**INPUT**
lemma mult_mon_in_MI_iff:
  "f * mon a c \<in> MI G \<longleftrightarrow> (f :: 'a::comm_ring_1 poly poly) \<in> MI (exp_shift a c G)"
proof -
  have "f * mon a c \<in> MI G \<longleftrightarrow>
      (\<forall>i j. coeff (coeff f j) i \<noteq> 0 \<longrightarrow> (i + a, j + c) \<in> upset G)"
  proof
    assume prod: "f * mon a c \<in> MI G"
    show "\<forall>i j. coeff (coeff f j) i \<noteq> 0 \<longrightarrow> (i + a, j + c) \<in> upset G"
    proof (intro allI impI)
      fix i j
      assume "coeff (coeff f j) i \<noteq> 0"
      then have "coeff (coeff (f * mon a c) (j + c)) (i + a) \<noteq> 0"
        by (simp add: coeff_mult_mon)
      with prod show "(i + a, j + c) \<in> upset G"
        unfolding MI_def by blast
    qed
  next
    assume shifted: "\<forall>i j. coeff (coeff f j) i \<noteq> 0 \<longrightarrow> (i + a, j + c) \<in> upset G"
    show "f * mon a c \<in> MI G"
      unfolding MI_def
    proof (intro CollectI allI impI)
      fix i j
      assume "coeff (coeff (f * mon a c) j) i \<noteq> 0"
      then have "a \<le> i" "c \<le> j" "coeff (coeff f (j - c)) (i - a) \<noteq> 0"
        by (simp_all add: coeff_mult_mon split: if_splits)
      with shifted show "(i, j) \<in> upset G"
        by (metis le_add_diff_inverse2)
    qed
  qed
  then show ?thesis
    unfolding upset_shift_iff MI_def by simp
qed

section \<open>Colon ideals of equigenerated monomial ideals\<close>

text \<open>Staircase lemma: exponents lying on the two coordinate axes, meeting both of them,
  generate the same up-set as the two smallest ones (s, 0) and (0, t).\<close>

lemma upset_on_axes:
  assumes axes: "\<And>p q. (p, q) \<in> S \<Longrightarrow> p = 0 \<or> q = 0"
    and "(x0, 0) \<in> S" "(0, y0) \<in> S"
  shows "\<exists>s t. upset S = upset {(s, 0), (0, t)}"
proof -
  define s where "s = (LEAST x. (x, 0) \<in> S)"
  define t where "t = (LEAST y. (0, y) \<in> S)"
  have st: "(s, 0) \<in> S" "(0, t) \<in> S"
    unfolding s_def t_def using assms(2,3) by (auto intro: LeastI)
  have "(p, q) \<in> upset {(s, 0), (0, t)}" if "(p, q) \<in> S" for p q
    using axes[OF that]
  proof
    assume "p = 0"
    with that have "t \<le> q" unfolding t_def by (simp add: Least_le)
    then show ?thesis by (auto simp: upset_def)
  next
    assume "q = 0"
    with that have "s \<le> p" unfolding s_def by (simp add: Least_le)
    then show ?thesis by (auto simp: upset_def)
  qed
  then have "upset S \<subseteq> upset {(s, 0), (0, t)}"
    by (rule upset_least)
  moreover have "upset {(s, 0), (0, t)} \<subseteq> upset S"
    using st by (intro upset_least) (auto intro: upset_base)
  ultimately show ?thesis by blast
qed

lemma colon_equigenerated:
  assumes degree: "\<And>p q. (p, q) \<in> G \<Longrightarrow> p + q = a + c"
    and T: "(a, c) \<in> T" "T \<subseteq> insert (a, c) G"
    and left: "(p1, q1) \<in> G" "a \<le> p1"
    and right: "(p2, q2) \<in> G" "c \<le> q2"
  shows "\<exists>s t. ideal_colon (MI G) (MI T) = (MI {(s, 0), (0, t)} :: 'a::comm_ring_1 poly poly set)"
proof -
  have "ideal_colon (MI G) (MI T) = {f :: 'a poly poly. f * mon a c \<in> MI G}"
  proof (intro set_eqI)
    fix f :: "'a poly poly"
    have "f * mon p q \<in> MI G" if "(p, q) \<in> G" for p q
      using ideal_mult_left[OF MI_ideal mon_in_MI[OF that], of f] by (simp add: mult.commute)
    then show "f \<in> ideal_colon (MI G) (MI T) \<longleftrightarrow> f \<in> {f. f * mon a c \<in> MI G}"
      unfolding MI_eq_gen[of T] ideal_colon_gen_iff[OF MI_ideal] using T by auto
  qed
  also have "\<dots> = MI (exp_shift a c G)"
    by (simp add: mult_mon_in_MI_iff)
  finally have colon: "ideal_colon (MI G) (MI T) = (MI (exp_shift a c G) :: 'a poly poly set)" .
  have "\<exists>s t. upset (exp_shift a c G) = upset {(s, 0), (0, t)}"
  proof (rule upset_on_axes)
    fix p q
    assume "(p, q) \<in> exp_shift a c G"
    then obtain p' q' where "(p', q') \<in> G" "p = p' - a" "q = q' - c"
      unfolding exp_shift_def by auto
    with degree[of p' q'] show "p = 0 \<or> q = 0" by linarith
  next
    have "q1 - c = 0" using left degree[OF left(1)] by linarith
    with left(1) show "(p1 - a, 0) \<in> exp_shift a c G"
      unfolding exp_shift_def by (auto intro!: image_eqI[of _ _ "(p1, q1)"])
  next
    have "p2 - a = 0" using right degree[OF right(1)] by linarith
    with right(1) show "(0, q2 - c) \<in> exp_shift a c G"
      unfolding exp_shift_def by (auto intro!: image_eqI[of _ _ "(p2, q2)"])
  qed
  then obtain s t where "upset (exp_shift a c G) = upset {(s, 0), (0, t)}"
    by blast
  then have "(MI (exp_shift a c G) :: 'a poly poly set) = MI {(s, 0), (0, t)}"
    unfolding MI_def by simp
  with colon show ?thesis by blast
qed

section \<open>The exponent sets of I^n and J I^n\<close>

definition exps_J :: "nat \<Rightarrow> (nat \<times> nat) set" where
  "exps_J d = {(d, 0), (0, d)}"

definition exps_I :: "nat \<Rightarrow> nat \<Rightarrow> (nat \<times> nat) set" where
  "exps_I d b = {(d, 0), (0, d), (b, d - b)}"

text \<open>Exponents of the generators of I^n: products of i copies of x^d, j of y^d and
  k of x^b y^(d-b).\<close>

definition exps_pow :: "nat \<Rightarrow> nat \<Rightarrow> nat \<Rightarrow> (nat \<times> nat) set" where
  "exps_pow d b n = {(d * i + b * k, d * j + (d - b) * k) | i j k. i + j + k = n}"

lemma exps_pow_memI: "i + j + k = n \<Longrightarrow> (d * i + b * k, d * j + (d - b) * k) \<in> exps_pow d b n"
  unfolding exps_pow_def by blast

lemma exps_pow_memE:
  assumes "u \<in> exps_pow d b n"
  obtains i j k where "u = (d * i + b * k, d * j + (d - b) * k)" "i + j + k = n"
  using assms unfolding exps_pow_def by blast

lemma exps_pow_0: "exps_pow d b 0 = {(0, 0)}"
  by (auto simp: exps_pow_def)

**TASK DESCRIPTION**
Output an identical copy of every record above.

**ANSWER SPACE**
lemma mult_mon_in_MI_iff:
  "f * mon a c \<in> MI G \<longleftrightarrow> (f :: 'a::comm_ring_1 poly poly) \<in> MI (exp_shift a c G)"
proof -
  have "f * mon a c \<in> MI G \<longleftrightarrow>
      (\<forall>i j. coeff (coeff f j) i \<noteq> 0 \<longrightarrow> (i + a, j + c) \<in> upset G)"
  proof
    assume prod: "f * mon a c \<in> MI G"
    show "\<forall>i j. coeff (coeff f j) i \<noteq> 0 \<longrightarrow> (i + a, j + c) \<in> upset G"
    proof (intro allI impI)
      fix i j
      assume "coeff (coeff f j) i \<noteq> 0"
      then have "coeff (coeff (f * mon a c) (j + c)) (i + a) \<noteq> 0"
        by (simp add: coeff_mult_mon)
      with prod show "(i + a, j + c) \<in> upset G"
        unfolding MI_def by blast
    qed
  next
    assume shifted: "\<forall>i j. coeff (coeff f j) i \<noteq> 0 \<longrightarrow> (i + a, j + c) \<in> upset G"
    show "f * mon a c \<in> MI G"
      unfolding MI_def
    proof (intro CollectI allI impI)
      fix i j
      assume "coeff (coeff (f * mon a c) j) i \<noteq> 0"
      then have "a \<le> i" "c \<le> j" "coeff (coeff f (j - c)) (i - a) \<noteq> 0"
        by (simp_all add: coeff_mult_mon split: if_splits)
      with shifted show "(i, j) \<in> upset G"
        by (metis le_add_diff_inverse2)
    qed
  qed
  then show ?thesis
    unfolding upset_shift_iff MI_def by simp
qed

section \<open>Colon ideals of equigenerated monomial ideals\<close>

text \<open>Staircase lemma: exponents lying on the two coordinate axes, meeting both of them,
  generate the same up-set as the two smallest ones (s, 0) and (0, t).\<close>

lemma upset_on_axes:
  assumes axes: "\<And>p q. (p, q) \<in> S \<Longrightarrow> p = 0 \<or> q = 0"
    and "(x0, 0) \<in> S" "(0, y0) \<in> S"
  shows "\<exists>s t. upset S = upset {(s, 0), (0, t)}"
proof -
  define s where "s = (LEAST x. (x, 0) \<in> S)"
  define t where "t = (LEAST y. (0, y) \<in> S)"
  have st: "(s, 0) \<in> S" "(0, t) \<in> S"
    unfolding s_def t_def using assms(2,3) by (auto intro: LeastI)
  have "(p, q) \<in> upset {(s, 0), (0, t)}" if "(p, q) \<in> S" for p q
    using axes[OF that]
  proof
    assume "p = 0"
    with that have "t \<le> q" unfolding t_def by (simp add: Least_le)
    then show ?thesis by (auto simp: upset_def)
  next
    assume "q = 0"
    with that have "s \<le> p" unfolding s_def by (simp add: Least_le)
    then show ?thesis by (auto simp: upset_def)
  qed
  then have "upset S \<subseteq> upset {(s, 0), (0, t)}"
    by (rule upset_least)
  moreover have "upset {(s, 0), (0, t)} \<subseteq> upset S"
    using st by (intro upset_least) (auto intro: upset_base)
  ultimately show ?thesis by blast
qed

lemma colon_equigenerated:
  assumes degree: "\<And>p q. (p, q) \<in> G \<Longrightarrow> p + q = a + c"
    and T: "(a, c) \<in> T" "T \<subseteq> insert (a, c) G"
    and left: "(p1, q1) \<in> G" "a \<le> p1"
    and right: "(p2, q2) \<in> G" "c \<le> q2"
  shows "\<exists>s t. ideal_colon (MI G) (MI T) = (MI {(s, 0), (0, t)} :: 'a::comm_ring_1 poly poly set)"
proof -
  have "ideal_colon (MI G) (MI T) = {f :: 'a poly poly. f * mon a c \<in> MI G}"
  proof (intro set_eqI)
    fix f :: "'a poly poly"
    have "f * mon p q \<in> MI G" if "(p, q) \<in> G" for p q
      using ideal_mult_left[OF MI_ideal mon_in_MI[OF that], of f] by (simp add: mult.commute)
    then show "f \<in> ideal_colon (MI G) (MI T) \<longleftrightarrow> f \<in> {f. f * mon a c \<in> MI G}"
      unfolding MI_eq_gen[of T] ideal_colon_gen_iff[OF MI_ideal] using T by auto
  qed
  also have "\<dots> = MI (exp_shift a c G)"
    by (simp add: mult_mon_in_MI_iff)
  finally have colon: "ideal_colon (MI G) (MI T) = (MI (exp_shift a c G) :: 'a poly poly set)" .
  have "\<exists>s t. upset (exp_shift a c G) = upset {(s, 0), (0, t)}"
  proof (rule upset_on_axes)
    fix p q
    assume "(p, q) \<in> exp_shift a c G"
    then obtain p' q' where "(p', q') \<in> G" "p = p' - a" "q = q' - c"
      unfolding exp_shift_def by auto
    with degree[of p' q'] show "p = 0 \<or> q = 0" by linarith
  next
    have "q1 - c = 0" using left degree[OF left(1)] by linarith
    with left(1) show "(p1 - a, 0) \<in> exp_shift a c G"
      unfolding exp_shift_def by (auto intro!: image_eqI[of _ _ "(p1, q1)"])
  next
    have "p2 - a = 0" using right degree[OF right(1)] by linarith
    with right(1) show "(0, q2 - c) \<in> exp_shift a c G"
      unfolding exp_shift_def by (auto intro!: image_eqI[of _ _ "(p2, q2)"])
  qed
  then obtain s t where "upset (exp_shift a c G) = upset {(s, 0), (0, t)}"
    by blast
  then have "(MI (exp_shift a c G) :: 'a poly poly set) = MI {(s, 0), (0, t)}"
    unfolding MI_def by simp
  with colon show ?thesis by blast
qed

section \<open>The exponent sets of I^n and J I^n\<close>

definition exps_J :: "nat \<Rightarrow> (nat \<times> nat) set" where
  "exps_J d = {(d, 0), (0, d)}"

definition exps_I :: "nat \<Rightarrow> nat \<Rightarrow> (nat \<times> nat) set" where
  "exps_I d b = {(d, 0), (0, d), (b, d - b)}"

text \<open>Exponents of the generators of I^n: products of i copies of x^d, j of y^d and
  k of x^b y^(d-b).\<close>

definition exps_pow :: "nat \<Rightarrow> nat \<Rightarrow> nat \<Rightarrow> (nat \<times> nat) set" where
  "exps_pow d b n = {(d * i + b * k, d * j + (d - b) * k) | i j k. i + j + k = n}"

lemma exps_pow_memI: "i + j + k = n \<Longrightarrow> (d * i + b * k, d * j + (d - b) * k) \<in> exps_pow d b n"
  unfolding exps_pow_def by blast

lemma exps_pow_memE:
  assumes "u \<in> exps_pow d b n"
  obtains i j k where "u = (d * i + b * k, d * j + (d - b) * k)" "i + j + k = n"
  using assms unfolding exps_pow_def by blast

lemma exps_pow_0: "exps_pow d b 0 = {(0, 0)}"
  by (auto simp: exps_pow_def)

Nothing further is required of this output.